::: Information supplied :::

(* Let $m\in\mathbb{N}$, $A=\langle a\rangle\le\mathrm{Sym}(3)$ with $a=(1\,2\,3)$, $B=(\mathbb{Z}/3\mathbb{Z})^m$, and let $\omega=\omega_0\omega_1\dots$ be a sequence of epimorphisms $\omega_i\colon B\to A$ with $\bigcap_{i\ge k}\ker(\omega_i)=\{1\}$ for all $k\in\mathbb{N}$. Let $g\in G_\omega$ with $|g|_\omega=n\ge 1$, written as $g=\beta_1^{a^{c_1}}\beta_2^{a^{c_2}}\cdots\beta_n^{a^{c_n}}a^{s}$ with $s\in\mathbb{Z}/3\mathbb{Z}$, $\beta\colon\{1,\dots,n\}\to B_\omega$ and $c\colon\{1,\dots,n\}\to\mathbb{Z}/3\mathbb{Z}$. If $g\in\mathcal{I}_\infty^\omega$, then there exists $m_c\in\{1,2,\dots,n\}$ such that for all $k\in\{1,\dots,n-1\}$, $c_{k+1}-c_k=2$ if $k<m_c$ and $c_{k+1}-c_k=1$ if $k\ge m_c$.
   Context: $T_3$ is the $3$-regular rooted tree; elements of $\mathrm{Sym}(3)$ act as rooted automorphisms $\tau(xw)=\tau(x)w$; for $g$ fixing the first level, $g=(g_1,g_2,g_3)$ lists the restrictions of $g$ to the three subtrees below the root, and every automorphism is uniquely $(g_1,g_2,g_3)\tau$ with $\tau\in\mathrm{Sym}(3)$. For $b\in B_\omega$ and $i\in\mathbb{Z}/3\mathbb{Z}$, $b^{a^i}=a^iba^{-i}$. Let $\sigma$ be the left shift on sequences. Define recursively $\beta_\omega\colon B\to\mathrm{Aut}(T_3)$ by $\beta_\omega(b)=(\omega_0(b),1,\beta_{\sigma(\omega)}(b))$, $B_\omega=\beta_\omega(B)$, $G_\omega=\langle A,B_\omega\rangle$. The word pseudonorm $|\cdot|_\omega$ on $G_\omega$ gives length $0$ to elements of $A$ and length $1$ to nontrivial elements of $B_\omega$ ($|g|_\omega$ = minimal total length of an expression of $g$ as a product of such generators). Incompressible elements: $\mathcal{I}_0^{\sigma^\nu(\omega)}=G_{\sigma^\nu(\omega)}$; $\mathcal{I}_k^{\sigma^\nu(\omega)}$ is the set of $g=(g_1,g_2,g_3)\tau\in G_{\sigma^\nu(\omega)}$ with $g_i\in\mathcal{I}_{k-1}^{\sigma^{\nu+1}(\omega)}$ and $\sum_i|g_i|_{\sigma^{\nu+1}(\omega)}=|g|_{\sigma^\nu(\omega)}$; $\mathcal{I}_\infty^\omega=\bigcap_{k\ge1}\mathcal{I}_k^\omega$. *)

theory Defs
  imports "HOL-Algebra.Coset"
begin

text \<open>Vertices of the 3-regular rooted tree T_3 are words over the letters 0,1,2
  (letter i+1 of the paper is letter i here), represented as nat lists. Automorphisms are
  represented as functions nat list => nat list acting on the left (composition is (\<circ>));
  all the maps below fix words containing letters >= 3, so this is only a representation.\<close>

type_synonym tmap = "nat list \<Rightarrow> nat list"

fun arot :: tmap where
  "arot [] = []"
| "arot (x # w) = (if x < 3 then (x + 1) mod 3 else x) # w"

definition apow :: "int \<Rightarrow> tmap" where
  "apow i = arot ^^ nat (i mod 3)"

definition Aset :: "tmap set" where
  "Aset = {arot ^^ j | j. j < 3}"

definition Agrp :: "tmap monoid" where
  "Agrp = \<lparr>carrier = Aset, mult = (\<circ>), one = id\<rparr>"

definition Bgrp :: "nat \<Rightarrow> (nat \<Rightarrow> int) monoid" where
  "Bgrp m = \<lparr>carrier = {v. \<forall>j. 0 \<le> v j \<and> v j < 3 \<and> (m \<le> j \<longrightarrow> v j = 0)},
             mult = (\<lambda>u v j. (u j + v j) mod 3), one = (\<lambda>_. 0)\<rparr>"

:::

### Prompt
Please give an exact copy of the lines above, beginning with the line containing "fun arot :: tmap where" and running through the line containing "mult = (\<circ>), one", and of no other lines.

### Output for this exercise
fun arot :: tmap where
  "arot [] = []"
| "arot (x # w) = (if x < 3 then (x + 1) mod 3 else x) # w"

definition apow :: "int \<Rightarrow> tmap" where
  "apow i = arot ^^ nat (i mod 3)"

definition Aset :: "tmap set" where
  "Aset = {arot ^^ j | j. j < 3}"

definition Agrp :: "tmap monoid" where
  "Agrp = \<lparr>carrier = Aset, mult = (\<circ>), one = id\<rparr>"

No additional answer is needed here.